Weekend good reads for Apple developers #2025/40
Liquid Glass is still a center of discussions
Bay Area had some rainy days this week. Hopefully, there will be more sun over the weekend. But, any weather is good if you want to read some interesting topics.
Michael Tsai prepared multiple digests on developers’ reactions to Liquid Glass adoption struggles – Shipping Liquid Glass, On Liquid Glass, Tahoe Window Corners, Liquid Glass: Content vs.

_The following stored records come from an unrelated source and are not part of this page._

lemma has_derivative_radial_field:
  fixes q Z :: "real \<Rightarrow> real" and x :: "'a::real_inner"
  assumes q': "\<And>r. r > 0 \<Longrightarrow> (q has_real_derivative Z r / r) (at r)"
    and q: "continuous_on {0..} q"
  shows "((\<lambda>x. q (norm x) *\<^sub>R x) has_derivative radial_hessian Z q x) (at x)"
proof (cases "x = 0")
  case False
  have "((\<lambda>y. q (norm y)) has_derivative (\<lambda>h. (Z (norm x) / norm x) * (h \<bullet> sgn x))) (at x)"
    using False
    by (intro has_derivative_compose[OF has_derivative_norm] q'[unfolded has_field_derivative_def]) auto
  then have "((\<lambda>x. q (norm x) *\<^sub>R x) has_derivative
      (\<lambda>h. q (norm x) *\<^sub>R h + ((Z (norm x) / norm x) * (h \<bullet> sgn x)) *\<^sub>R x)) (at x)"
    by (rule has_derivative_scaleR[OF _ has_derivative_ident])
  moreover have "(\<lambda>h. q (norm x) *\<^sub>R h + ((Z (norm x) / norm x) * (h \<bullet> sgn x)) *\<^sub>R x)
      = radial_hessian Z q x"
    using False by (auto simp: radial_hessian_def sgn_div_norm inner_commute power2_eq_square
        fun_eq_iff divide_inverse mult_ac)
  ultimately show ?thesis by simp
next
  case True
  have "((\<lambda>h::'a. q (norm h)) \<longlongrightarrow> q 0) (at 0)"
    using isCont_radial[OF q, of 0] by (simp add: isCont_def)
  then have "((\<lambda>h::'a. \<bar>q (norm h) - q 0\<bar>) \<longlongrightarrow> 0) (at 0)"
    by (intro tendsto_rabs_zero) (simp add: LIM_zero)
  moreover have "\<forall>\<^sub>F h in at 0. \<bar>q (norm h) - q 0\<bar> = norm (q (norm h) *\<^sub>R h - q 0 *\<^sub>R h) / norm h"
    unfolding eventually_at_filter by (auto simp flip: scaleR_diff_left)
  ultimately have "((\<lambda>h::'a. norm (q (norm h) *\<^sub>R h - q 0 *\<^sub>R h) / norm h) \<longlongrightarrow> 0) (at 0)"
    by (rule Lim_transform_eventually)
  moreover have H0: "radial_hessian Z q 0 = (\<lambda>h. q 0 *\<^sub>R h)"
    by (simp add: radial_hessian_def fun_eq_iff)
  ultimately show ?thesis
    unfolding True H0 has_derivative_at by (simp add: bounded_linear_scaleR_right)
qed
lemma le_T_e_imp_expv_le:
  assumes "finite V" "E \<in> DProg V" "le_T_e V E F" "finite W" "effect W N"
    and X: "finite X" "V \<union> W \<subseteq> X" "density X \<rho>"
  shows "expv X W N (sapp V E \<rho>) \<le> expv X W N (sapp V F \<rho>)"
proof -
  define W' where "W' = V \<union> W"
  define N' where "N' = ext W N"
  define M where "M = superop_dual V E W' N'"
  have W': "finite W'" "V \<subseteq> W'" "W \<subseteq> W'" "W' \<subseteq> X"
    using assms by (auto simp: W'_def)
  have dual: "expv Y W' M \<sigma> = expv Y W' N' (sapp V E \<sigma>)" if "finite Y" "W' \<subseteq> Y" for Y \<sigma>
    unfolding M_def using that W' DProg_superop_on[OF assms(2)] by (intro expv_superop_dual) auto
  have "effect W' N'"
    unfolding N'_def by (rule effect_ext[OF W'(3,1) assms(5)])
  moreover have "effect W' M"
    unfolding M_def by (rule effect_superop_dual[OF W'(1,2) assms(2) \<open>effect W' N'\<close>])
  moreover have "sat_tot_e V E W' M N'"
    unfolding sat_tot_e_def using dual by auto
  ultimately have "sat_tot_e V F W' M N'"
    using assms(3) W'(1) unfolding le_T_e_def by blast
  then have "expv X W' M \<rho> \<le> expv X W' N' (sapp V F \<rho>)"
    using X W' unfolding sat_tot_e_def by blast
  then show ?thesis
    using dual[OF X(1) W'(4)] expv_ext[OF W'(3)] by (simp add: N'_def)
qed

lemma le_P_e_imp_expv_le:
  assumes "finite V" "E \<in> DProg V" "le_P_e V E F" "finite W" "effect W N"
    and X: "finite X" "V \<union> W \<subseteq> X" "density X \<rho>"
  shows "expv X W N (sapp V E \<rho>) + trr X \<rho> - trr X (sapp V E \<rho>) \<le>
    expv X W N (sapp V F \<rho>) + trr X \<rho> - trr X (sapp V F \<rho>)"
proof -
  define W' where "W' = V \<union> W"
  define N' where "N' = ext W N"
  define M where "M = (\<lambda>a b. idop a b - superop_dual V E W' (\<lambda>a b. idop a b - N' a b) a b)"
  have W': "finite W'" "V \<subseteq> W'" "W \<subseteq> W'" "W' \<subseteq> X"
    using assms by (auto simp: W'_def)
  have wlp: "expv Y W' M \<sigma> = expv Y W' N' (sapp V E \<sigma>) + trr Y \<sigma> - trr Y (sapp V E \<sigma>)"
    if "finite Y" "W' \<subseteq> Y" for Y \<sigma>
    unfolding M_def using that W' DProg_superop_on[OF assms(2)]
    by (simp add: expv_idop_diff expv_superop_dual)
  have "effect W' N'"
    unfolding N'_def by (rule effect_ext[OF W'(3,1) assms(5)])
  moreover have "effect W' M"
    using effect_superop_dual[OF W'(1,2) assms(2)] \<open>effect W' N'\<close>
    unfolding M_def by (simp add: effect_def)
  moreover have "sat_par_e V E W' M N'"
    unfolding sat_par_e_def using wlp by auto
  ultimately have "sat_par_e V F W' M N'"
    using assms(3) W'(1) unfolding le_P_e_def by blast
  then have "expv X W' M \<rho> \<le> expv X W' N' (sapp V F \<rho>) + trr X \<rho> - trr X (sapp V F \<rho>)"
    using X W' unfolding sat_par_e_def by blast
  then show ?thesis
    using wlp[OF X(1) W'(4)] expv_ext[OF W'(3)] by (simp add: N'_def)
qed

lemma le_T_e_imp_trr_le:
  assumes "finite V" "E \<in> DProg V" "le_T_e V E F" "finite X" "V \<subseteq> X" "density X \<rho>"
  shows "trr X (sapp V E \<rho>) \<le> trr X (sapp V F \<rho>)"
  using le_T_e_imp_expv_le[OF assms(1-3) finite.emptyI _ assms(4) _ assms(6), of idop] assms(5)
  by (simp add: expv_idop[OF assms(4)] effect_idop)

lemma bdd_below_expv:
  "finite X \<Longrightarrow> W \<subseteq> X \<Longrightarrow> \<Psi> \<subseteq> Collect (effect W) \<Longrightarrow> psd_on (B X) \<sigma> \<Longrightarrow>
    bdd_below ((\<lambda>N. expv X W N \<sigma>) ` \<Psi>)"
  by (rule bdd_belowI2[of _ 0]) (use expv_nonneg in auto)

lemma Exp_dem_shift_le:
  assumes "bdd_below ((\<lambda>N. expv X W N \<sigma>) ` \<Psi>)"
    and "\<And>N. N \<in> \<Psi> \<Longrightarrow> expv X W N \<sigma> + c \<le> expv X W N \<sigma>' + c'"
    and "\<Psi> = {} \<Longrightarrow> trr X \<sigma> + c \<le> trr X \<sigma>' + c'"
  shows "Exp_dem X W \<sigma> \<Psi> + c \<le> Exp_dem X W \<sigma>' \<Psi> + c'"
proof (cases "\<Psi> = {}")
  case False
  have "(INF N\<in>\<Psi>. expv X W N \<sigma>) + c - c' \<le> expv X W N \<sigma>'" if "N \<in> \<Psi>" for N
    using cINF_lower[OF assms(1) that] assms(2)[OF that] by linarith
  then have "(INF N\<in>\<Psi>. expv X W N \<sigma>) + c - c' \<le> (INF N\<in>\<Psi>. expv X W N \<sigma>')"
    using False by (intro cINF_greatest)
  then show ?thesis using False by (simp add: Exp_dem_def)
qed (use assms(3) in \<open>simp add: Exp_dem_def\<close>)

lemma sat_tot_s_singleton: "sat_tot_s V {G} W {M} {N} \<longleftrightarrow> sat_tot_e V G W M N"
  by (simp add: sat_tot_s_def sat_tot_e_def Exp_dem_def)

lemma sat_par_s_singleton: "sat_par_s V {G} W {M} {N} \<longleftrightarrow> sat_par_e V G W M N"
  by (simp add: sat_par_s_def sat_par_e_def Exp_dem_def)
(* For every field $\mathbb{F}$, all $n,d\ge1$ and every $n^d\times n^d$ matrix $M$ over $\mathbb{F}$, \[ \mathcal L_{\mathsf{nc,sm}}\big(\mathrm{ShiftedTensor}(M)\big)\ \ge\ \frac{\mathrm{PT\text{-}rank}(M)}{n^{\,d-\log_2 d+1}}. \]
   Context: Non-commutative set-multilinear formula size of a tensor $A:[N]^k\to\mathbb{F}$: if $k=1$, $\mathcal L_{\mathsf{nc,sm}}(A)$ is $1$ if $A\ne0$ and $0$ otherwise; if $k\ge2$ it is the minimum of $\sum_i(\mathcal L_{\mathsf{nc,sm}}(B_i)+\mathcal L_{\mathsf{nc,sm}}(C_i))$ over finite families $(e_i,f_i,B_i,C_i)$ with positive integers $e_i+f_i=k$, $B_i:[N]^{e_i}\to\mathbb{F}$, $C_i:[N]^{f_i}\to\mathbb{F}$, $A=\sum_iB_i\otimes C_i$ (where $(B\otimes C)(x,y)=B(x)C(y)$, concatenating coordinates in order). Pairing $\langle i,j\rangle=(i-1)n+j$. $\mathrm{ShiftedTensor}(M):[n^2]^{d+1}\to\mathbb{F}$, $\mathrm{ShiftedTensor}(M)(\langle p,i_1\rangle,\langle j_1,i_2\rangle,\dots,\langle j_{d-1},i_d\rangle,\langle j_d,q\rangle)=\mathbb 1\{p=q=1\}M_{(i_1,\dots,i_d),(j_1,\dots,j_d)}$. Partial transposes: for $k\in[d]$, $M^{\top_k}$ swaps the $k$-th row index with the $k$-th column index; $M^{\top_\kappa}$ composes these over $k\in\kappa\subseteq[d]$. $M$ is PT-basic if $\mathrm{rank}(M^{\top_\kappa})=1$ for some $\kappa$; $\mathrm{PT\text{-}rank}(M)$ is the least number of PT-basic matrices summing to $M$. Logs base 2. *)

theory Defs
  imports Complex_Main
begin

text \<open>Tensors A : [N]^k -> F are represented as functions on lists of naturals;
only their values on the domain tdom N k (lists of length k with entries in 1..N)
are relevant.\<close>

definition tdom :: "nat \<Rightarrow> nat \<Rightarrow> nat list set" where
  "tdom N k = {x. length x = k \<and> set x \<subseteq> {1..N}}"

text \<open>The tensor product of
B (order e) and C is (B \<otimes> C)(x) = B(take e x) * C(drop e x).  The clamping
min/max in the recursive calls is inert since 1 \<le> e i < k is required; it only
makes termination syntactically evident.\<close>

function Lncsm :: "nat \<Rightarrow> nat \<Rightarrow> (nat list \<Rightarrow> 'a::field) \<Rightarrow> nat" where
  "Lncsm N k A =
     (if k \<le> 1 then (if (\<exists>x\<in>tdom N k. A x \<noteq> 0) then 1 else 0)
      else Inf {(\<Sum>i<m. Lncsm N (min (e i) (k - 1)) (B i) + Lncsm N (k - max 1 (e i)) (C i))
                 | (m::nat) e B C. (\<forall>i<m. 1 \<le> e i \<and> e i < k) \<and>
                     (\<forall>x\<in>tdom N k. A x = (\<Sum>i<m. B i (take (e i) x) * C i (drop (e i) x)))})"
  by auto
termination by (relation "measure (\<lambda>(N, k, A). k)") auto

Controls, How to Turn Liquid Glass Into a Solid Interface;
When SwiftUI automatically applies the glass look and when it doesn’t by Natascha Fadeeva continues topics of Liquid Glass with considerations on control default look and feel in SwiftUI;
Howard Oakley reviewed app launch process in macOS Tahoe – Is Tahoe quicker to launch apps first time?, prepared a list of security checks every user and developer should be aware of – Check your Mac is secure and explained concept of translocation in macOS – Check if an app is stuck in translocation;
iPhone 17 Screen Sizes by Keith Harrison is a nice cheat sheet for pixel-perfect graphics on new iPhones;
Antoine van der Lee covers Swift language version migration process in Why Swift Migration Tooling Matters;
Image caching in SwiftUI by Letizia Granata talks about default and custom caching approaches for images loaded from the external resources;
Natalia Panferova shares a simple hint on how to tune leading and trailing row actions in SwiftUI lists – Show icons only in SwiftUI swipe actions on iOS 26;
Using rich text in the TextEditor with SwiftUI by Alfonso Tarallo goes through
AttributedStringusage withTextEditor;Gabriel Fernandes Thomaz guides through Multipeer Connectivity framework in Getting Started with Multipeer Connectivity in Swift;
Do job silently by Kyryl Horbushko explains uses of Background Tasks framework for activities app could run while not on screen;
And finally, one useful technical note from Apple on profiling and tuning your use of Foundation Models – TN3193: Managing the on-device foundation model’s context window.